NEW YORK CITY — At least five babies have been born in New York City with Zika-related birth defects since July, the Health Department warned health care providers Wednesday morning.

The city reported its first case of an infant born with Zika-related symptoms in a local hospital on July 22.

Symptoms include brain, joint and eye abnormalities, stunted neurological development and a disproportionately small head. 

The five babies born in New York City with those symptoms are a small fraction of the 200 born to women who tested positive for Zika infection during pregnancy, according to the bulletin first reported by the New York Times.

Pregnant women contract the virus either during travel to areas where mosquitoes carry the virus or through unprotected sex with a traveler.

The alert came several weeks after the World Health Organization downgraded the status of Zika's spread from an international public health emergency to a crisis.

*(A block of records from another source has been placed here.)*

text \<open>Following Clontz, call \<open>\<R>\<close> a reflection of \<open>\<A>\<close> if the range of every choice function
  on \<open>\<R>\<close> lies in \<open>\<A>\<close> and every member of \<open>\<A>\<close> meets every member of \<open>\<R>\<close>; the clopen
  neighbourhood systems form a reflection of the clopen covers. Each play of \<open>G\<^sub>1(\<A>,\<B>)\<close> is then
  mirrored by a play of \<open>G\<^sub>1(\<R>,\<not>\<B>)\<close> selecting the same points with the roles swapped. Alice's
  move \<open>A\<close> becomes Bob's choice from \<open>R \<inter> A\<close>. Bob's answers to all possible \<open>R \<in> \<R>\<close> form
  a selection of \<open>\<R>\<close>, hence a move of Alice in \<open>\<A>\<close>. Bob's answers to all \<open>A \<in> \<A>\<close> contain
  some \<open>R \<in> \<R>\<close>, which Alice plays: otherwise a point of each \<open>R\<close> outside of them would form a
  move in \<open>\<A>\<close> that Bob cannot answer.\<close>

definition selections_contain :: "'b set set \<Rightarrow> 'b set set \<Rightarrow> bool" where
  "selections_contain \<C> \<D> \<longleftrightarrow> (\<forall>g. (\<forall>D\<in>\<D>. g D \<in> D) \<longrightarrow> (\<exists>C\<in>\<C>. C \<subseteq> g ` \<D>))"

lemma selections_containD:
  assumes "selections_contain \<C> \<D>" and "\<And>D. D \<in> \<D> \<Longrightarrow> g D \<in> D"
  shows "\<exists>C\<in>\<C>. C \<subseteq> g ` \<D>"
  using assms by (auto simp: selections_contain_def)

Still, the Health Department advised doctors to continue screening pregnant women for exposure to Zika throughout pregnancy and to note that some negative testing results don't rule out Zika infection in women and their babies.

The mothers of three infants born with congenital Zika virus syndrome tested negative on two tests for infection; health officials hypothesize this was the case because the women weren't tested until their third trimester, long after their exposure to the virus.

From the start of 2016 through Dec. 2, 962 New Yorkers have tested positive for Zika infection, including 325 pregnant women, according to the Health Department numbers.

“Today’s news is a reminder that Zika continues to be a threat to pregnant women and their babies,” city Health Commissioner Dr. Mary Bassett said in a statement. 

“We are closely following all babies born to mothers who test positive for Zika infection and will connect parents to available services to improve their child’s quality of life,” she said.

The agency is currently tracking the developmental progress of the 200 infants exposed to Zika during pregnancy, including eight who tested positive for the virus but haven't presented any symptoms.

In November, it launched an awareness campaign urging pregnant women and their partners not to travel to areas with ongoing Zika transmission, such as Miami-Dade County, the Caribbean and Central America, during the holiday season.